From Reflection to Perfection:
Scaling Inference-Time Optimization for Text-to-Image Diffusion Models via Reflection Tuning

Le Zhuo^1,⁴, Liangbing Zhao², Sayak Paul³, Yue Liao¹, Renrui Zhang¹, Yi Xin⁴, Peng Gao⁴,
Mohamed Elhoseiny², Hongsheng Li¹

¹CUHK MMLAB ²KAUST ³Hugging Face ⁴Shanghai AI Lab

Overall pipeline of the ReflectionFlow framework with qualitative and quantitative results of scaling compute at inference time.

🔥 News

[2025/6/25] Our paper is accepted by ICCV 2025!
[2025/5/23] Release the code for our image verifier.
[2025/4/23] Release paper.
[2025/4/20] Release GenRef dataset, model checkpoints, as well as the training and inference code.

✨ Quick Start

Installation

Environment setup

conda create -n ReflectionFlow python=3.10
conda activate ReflectionFlow

Requirements installation

pip install -r requirements.txt

🚀 Models and Datasets

Datasets

Name	Description	Link
GenRef-wds	WebDataset format of full GenRef	HuggingFace
GenRef-CoT	Chain-of-Thought reflection dataset	HuggingFace

Models

Name	Description	Finetune Data	Link
FLUX Corrector	Main FLUX-based "text image -> image" model	GenRef-wds	HuggingFace
Reflection Generator	Qwen-based reflection generator	GenRef-CoT	HuggingFace
Image Verifier	Qwen-based image verifier	GenRef-CoT	HuggingFace

🤖 Reflection Tuning

train_flux/config.yaml exposes all the arguments to control all the training-time configurations.

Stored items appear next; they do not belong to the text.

lemma max_black_score_append:
  "max_black_score (xs @ ys) b w k =
     max (max_black_score xs b (count_list ys Wh + w) k)
         (max_black_score ys (b + count_list xs Bl) w (k + length xs))"
  by (induction xs arbitrary: b k) (auto simp: max.assoc add.assoc)

lemma max_black_score_Suc_Suc: "max_black_score zs b w (Suc (Suc k)) = max_black_score zs b w k"
  by (induction zs arbitrary: b k) auto

lemma max_black_score_Suc_index:
  "max_black_score zs b w (Suc k) \<le> max_black_score zs b w k + 1 \<and>
   max_black_score zs b w k \<le> max_black_score zs b w (Suc k) + 1"
proof (induction zs arbitrary: b k)
  case (Cons z zs)
  from Cons[of "if z = Bl then Suc b else b" "Suc k"] show ?case
    by (auto simp: max_def)
qed simp

lemma max_black_score_no_Bl: "Bl \<notin> set zs \<Longrightarrow> max_black_score zs b w k = 0"
  by (induction zs arbitrary: b k) auto

lemma max_black_score_no_Wh: "Wh \<notin> set zs \<Longrightarrow> max_black_score zs b 0 k = 0"
  by (induction zs arbitrary: b k) (auto simp: count_list_0_iff)

lemma add_count_Bl_le_max_black_score_Suc:
  "0 < w \<Longrightarrow> Bl \<in> set xs \<Longrightarrow> b + count_list xs Bl + w \<le> max_black_score xs b w k + 1"
proof (induction xs arbitrary: w rule: rev_induct)
  case (snoc z xs)
  show ?case
  proof (cases "z = Bl")
    case False
    then have "Bl \<in> set xs"
      using snoc.prems by simp
    from snoc.IH[OF _ this, of "count_list [z] Wh + w"] snoc.prems False show ?thesis
      by (simp add: max_black_score_append)
  qed (use snoc.prems in \<open>simp add: max_black_score_append\<close>)
qed simp
theorem decidable_set_codes: "decidable_set ((\<lambda>w. list_encode (map code w)) ` {w \<in> lists A. W w})"
proof -
  have "total_recursive (\<lambda>v. of_bool (coded v))"
    by (rule total_recursive_course_of_values[OF computable_coded_step])
       (unfold zero_less_of_bool_iff, rule coded_iff_coded_step)
  then have "computable 1 (\<lambda>xs. of_bool (set (list_decode (xs ! 0)) \<subseteq> code ` A \<and>
      coded (radix_code base (list_decode (xs ! 0)))))"
    using finite_A
    by (intro computable1_aexp[of
         "AConj (Op1 (\<lambda>c. of_bool (set (list_decode c) \<subseteq> code ` A)) (Var 0))
         (Op1 (\<lambda>v. of_bool (coded v)) (Op1 (\<lambda>c. radix_code base (list_decode c)) (Var 0)))"])
       (auto simp: total_recursive_iff_computable computable_list_decode_subset
         computable_radix_code_list_decode)
  moreover have "c \<in> (\<lambda>w. list_encode (map code w)) ` {w \<in> lists A. W w} \<longleftrightarrow>
      set (list_decode c) \<subseteq> code ` A \<and> coded (radix_code base (list_decode c))" for c
  proof
    assume "c \<in> (\<lambda>w. list_encode (map code w)) ` {w \<in> lists A. W w}"
    then show "set (list_decode c) \<subseteq> code ` A \<and> coded (radix_code base (list_decode c))"
      using coded_wcode by (auto simp: in_lists_conv_set)
  next
    assume c: "set (list_decode c) \<subseteq> code ` A \<and> coded (radix_code base (list_decode c))"
    then have "list_decode c \<in> lists (code ` A)" by (auto simp: in_lists_conv_set)
    then obtain w where "w \<in> lists A" "list_decode c = map code w"
      unfolding lists_image by blast
    moreover from this c have "W w" using coded_wcode by simp
    moreover have "c = list_encode (map code w)"
      using \<open>list_decode c = map code w\<close> by (metis list_decode_inverse)
    ultimately show "c \<in> (\<lambda>w. list_encode (map code w)) ` {w \<in> lists A. W w}" by blast
  qed
  ultimately show ?thesis
    unfolding decidable_set_def total_recursive_iff_computable of_bool_def[symmetric] by simp
qed

end

section \<open>The word problem\<close>

definition letter_code :: "('a \<Rightarrow> nat) \<Rightarrow> 'a \<times> bool \<Rightarrow> nat" where
  "letter_code idx = (\<lambda>(a, b). 2 * idx a + (if b then 1 else 0))"

lemma word_code_eq: "word_code idx w = list_encode (map (letter_code idx) w)"
  by (simp add: word_code_def letter_code_def)

lemma inj_on_letter_code:
  assumes "inj_on idx S"
  shows "inj_on (letter_code idx) (letters S)"
proof (rule inj_onI)
  fix x y assume xy: "x \<in> letters S" "y \<in> letters S" "letter_code idx x = letter_code idx y"
  obtain a b a' b' where x: "x = (a, b)" and y: "y = (a', b')" by fastforce
  have "(2 * idx a + (if b then 1 else 0)) mod 2 = (2 * idx a' + (if b' then 1 else 0)) mod 2"
    using xy(3) by (simp add: x y letter_code_def)
  then have "b = b'" by (cases b; cases b') simp_all
  with xy(3) have "idx a = idx a'" by (simp add: x y letter_code_def)
  with assms xy have "a = a'" unfolding x y letters_def by (auto dest: inj_onD)
  with \<open>b = b'\<close> show "x = y" by (simp add: x y)
qed

lemma solvable_word_problem_if_chordal:
  assumes "finite S" and "chordal S R k"
  shows "solvable_word_problem S R"
  unfolding solvable_word_problem_def
proof (intro allI impI)
  fix idx :: "'a \<Rightarrow> nat"
  assume idx: "inj_on idx S"
  interpret decomposable_language "letters S" flip "letter_code idx" "max k 3" "in_ncl S R"
  proof
    show "finite (letters S)" using assms(1) by (simp add: letters_def)
    show "inj_on (letter_code idx) (letters S)" by (rule inj_on_letter_code[OF idx])
    show "flip a \<in> letters S" if "a \<in> letters S" for a using that by (rule flip_in_letters)
  next
    fix w assume "max k 3 \<le> length w" and "in_ncl S R w"
    then show "\<exists>x y z s. w = x @ y @ z \<and> s \<in> lists (letters S) \<and> length s < length y \<and>
        length s + length y < length w \<and> in_ncl S R (y @ rev (map flip s)) \<and> in_ncl S R (x @ s @ z)"
      using chordal_split[OF assms(2)] unfolding winv_def by metis
  next
    fix x y z s
    assume "x @ y @ z \<in> lists (letters S)"
      and "in_ncl S R (y @ rev (map flip s))" and "in_ncl S R (x @ s @ z)"
    then show "in_ncl S R (x @ y @ z)"
      using area_replace_le(1) unfolding winv_def by metis
  qed
  have "word_code idx ` {w. in_ncl S R w} =
      (\<lambda>w. list_encode (map (letter_code idx) w)) ` {w \<in> lists (letters S). in_ncl S R w}"
    by (auto simp: word_code_eq in_ncl_def)
  then show "decidable_set (word_code idx ` {w. in_ncl S R w})"
    using decidable_set_codes by simp
qed

theorem theorem15:
  fixes S :: "'a set" and R :: "'a word set"
  assumes "finite S" and "finite R" and "R \<subseteq> lists (letters S)"
    and "\<exists>k. chordal S R k"
  shows "(\<exists>f. total_recursive f \<and> isoperimetric S R f) \<and> solvable_word_problem S R"
proof -
  obtain k where chordal: "chordal S R k" using assms(4) by blast
  obtain C where C: "\<And>w. in_ncl S R w \<Longrightarrow> area S R w \<le> C * 2 ^ length w"
    using area_le_exp[OF assms(1) chordal] by blast
  have "mono (\<lambda>n. C * 2 ^ n)"
    by (intro monoI mult_le_mono2 power_increasing) auto
  with C have "isoperimetric S R (\<lambda>n. C * 2 ^ n)"
    unfolding isoperimetric_def using dehn_le[OF assms(1)] by blast
  moreover have "total_recursive (\<lambda>n. C * 2 ^ n)"
    unfolding total_recursive_iff_computable
    by (rule computable1_aexp[of "Op2 (*) (Const C) (Op2 (^) (Const 2) (Var 0))"])
       (auto simp: computable_arith)
  ultimately show ?thesis
    using solvable_word_problem_if_chordal[OF assms(1) chordal] by blast
qed

end
(* Let $V$ be a finite-dimensional irreducible $\mathcal U$-module. Then there exist nonzero scalars $\varepsilon_0,\varepsilon_1\in\mathbb K$, a nonnegative integer $d$, and a decomposition $U_0,\dots,U_d$ of $V$ such that $(k_0-\varepsilon_0q^{2i-d}I)U_i=0$ and $(k_1-\varepsilon_1q^{d-2i}I)U_i=0$ for $0\le i\le d$. The sequence $\varepsilon_0,\varepsilon_1;U_0,\dots,U_d$ is unique. Moreover, with $U_{-1}=U_{d+1}=0$, for $0\le i\le d$: $(\varepsilon_0y^+_0-q^{d-2i}I)U_i\subseteq U_{i+1}$, $(\varepsilon_1y^-_1-q^{2i-d}I)U_i\subseteq U_{i+1}$, $(\varepsilon_0y^-_0-q^{d-2i}I)U_i\subseteq U_{i-1}$, $(\varepsilon_1y^+_1-q^{2i-d}I)U_i\subseteq U_{i-1}$.
   Context: $\mathbb K$ is an algebraically closed field, $q\in\mathbb K$ nonzero and not a root of unity, $[3]_q=\frac{q^3-q^{-3}}{q-q^{-1}}$. $\mathcal U$ (isomorphic to $U_q(\widehat{sl}_2)$) is the unital associative $\mathbb K$-algebra with generators $y^{\pm}_i,k_i^{\pm1}$ ($i\in\{0,1\}$) and relations: $k_ik_i^{-1}=k_i^{-1}k_i=1$; $k_0k_1$ central; $\frac{qy^+_ik_i-q^{-1}k_iy^+_i}{q-q^{-1}}=1$; $\frac{qk_iy^-_i-q^{-1}y^-_ik_i}{q-q^{-1}}=1$; $\frac{qy^-_iy^+_i-q^{-1}y^+_iy^-_i}{q-q^{-1}}=1$; $\frac{qy^+_iy^-_j-q^{-1}y^-_jy^+_i}{q-q^{-1}}=k_0^{-1}k_1^{-1}$ ($i\ne j$); $(y^{\pm}_i)^3y^{\pm}_j-[3]_q(y^{\pm}_i)^2y^{\pm}_jy^{\pm}_i+[3]_qy^{\pm}_iy^{\pm}_j(y^{\pm}_i)^2-y^{\pm}_j(y^{\pm}_i)^3=0$ ($i\ne j$). A decomposition of $V$ is a sequence $U_0,\dots,U_d$ of nonzero subspaces with $V=U_0+\cdots+U_d$ a direct sum. Irreducible modules are nonzero by convention. *)

theory Defs
  imports Main "HOL-Computational_Algebra.Polynomial"
begin

definition alg_closed_field :: "'k::field itself \<Rightarrow> bool" where
  "alg_closed_field _ \<longleftrightarrow> (\<forall>p::'k poly. degree p \<ge> 1 \<longrightarrow> (\<exists>x. poly p x = 0))"

text \<open>A finite-dimensional K-vector space V, given as the whole type 'v with scalar multiplication scale.\<close>
definition fd_vector_space :: "('k::field \<Rightarrow> 'v::ab_group_add \<Rightarrow> 'v) \<Rightarrow> bool" where
  "fd_vector_space scale \<longleftrightarrow> vector_space scale \<and> (\<exists>B. finite B \<and> module.span scale B = UNIV)"

definition qint3 :: "'k::field \<Rightarrow> 'k" where
  "qint3 q = (q^3 - inverse q ^ 3) / (q - inverse q)"

definition serre :: "('k::field \<Rightarrow> 'v::ab_group_add \<Rightarrow> 'v) \<Rightarrow> 'k \<Rightarrow> ('v \<Rightarrow> 'v) \<Rightarrow> ('v \<Rightarrow> 'v) \<Rightarrow> bool" where
  "serre scale q a b \<longleftrightarrow> (\<forall>v.
      a (a (a (b v))) - scale (qint3 q) (a (a (b (a v))))
    + scale (qint3 q) (a (b (a (a v)))) - b (a (a (a v))) = 0)"

definition qrel :: "('k::field \<Rightarrow> 'v::ab_group_add \<Rightarrow> 'v) \<Rightarrow> 'k \<Rightarrow> ('v \<Rightarrow> 'v) \<Rightarrow> ('v \<Rightarrow> 'v) \<Rightarrow> ('v \<Rightarrow> 'v) \<Rightarrow> bool" where
  "qrel scale q x z w \<longleftrightarrow> (\<forall>v.
      scale (inverse (q - inverse q)) (scale q (x (z v)) - scale (inverse q) (z (x v))) = w v)"

text \<open>A U-module structure on V: operators for the generators
  yp0 = y^+_0, yp1 = y^+_1, ym0 = y^-_0, ym1 = y^-_1, k0, k1, k0i = k_0^{-1}, k1i = k_1^{-1},
  all linear, satisfying the defining relations of the algebra U.\<close>
definition U_module ::
  "('k::field \<Rightarrow> 'v::ab_group_add \<Rightarrow> 'v) \<Rightarrow> 'k \<Rightarrow>
   ('v \<Rightarrow> 'v) \<Rightarrow> ('v \<Rightarrow> 'v) \<Rightarrow> ('v \<Rightarrow> 'v) \<Rightarrow> ('v \<Rightarrow> 'v) \<Rightarrow>
   ('v \<Rightarrow> 'v) \<Rightarrow> ('v \<Rightarrow> 'v) \<Rightarrow> ('v \<Rightarrow> 'v) \<Rightarrow> ('v \<Rightarrow> 'v) \<Rightarrow> bool" where
  "U_module scale q yp0 yp1 ym0 ym1 k0 k1 k0i k1i \<longleftrightarrow>
     (\<forall>f \<in> {yp0, yp1, ym0, ym1, k0, k1, k0i, k1i}. Vector_Spaces.linear scale scale f) \<and>
     k0 \<circ> k0i = id \<and> k0i \<circ> k0 = id \<and> k1 \<circ> k1i = id \<and> k1i \<circ> k1 = id \<and>
     (\<forall>g \<in> {yp0, yp1, ym0, ym1, k0, k1, k0i, k1i}. (k0 \<circ> k1) \<circ> g = g \<circ> (k0 \<circ> k1)) \<and>
     qrel scale q yp0 k0 id \<and> qrel scale q yp1 k1 id \<and>
     qrel scale q k0 ym0 id \<and> qrel scale q k1 ym1 id \<and>
     qrel scale q ym0 yp0 id \<and> qrel scale q ym1 yp1 id \<and>
     qrel scale q yp0 ym1 (k0i \<circ> k1i) \<and> qrel scale q yp1 ym0 (k0i \<circ> k1i) \<and>
     serre scale q yp0 yp1 \<and> serre scale q yp1 yp0 \<and>
     serre scale q ym0 ym1 \<and> serre scale q ym1 ym0"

First, get the data. You can either download the webdataset shards from diffusion-cot/GenRef-wds or directly pass URLs.

When using local paths, set path under [train][dataset] to a glob pattern: DATA_DIR/genref_*.tar. The current config.yaml configures training to stream from the diffusion-cot/GenRef-wds repository. You can even change the number of tars you want to stream for easier debugging. Just change genref_{0..208}.tar to something like genref_{0..4}.tar, depending on the number of shards you want to use.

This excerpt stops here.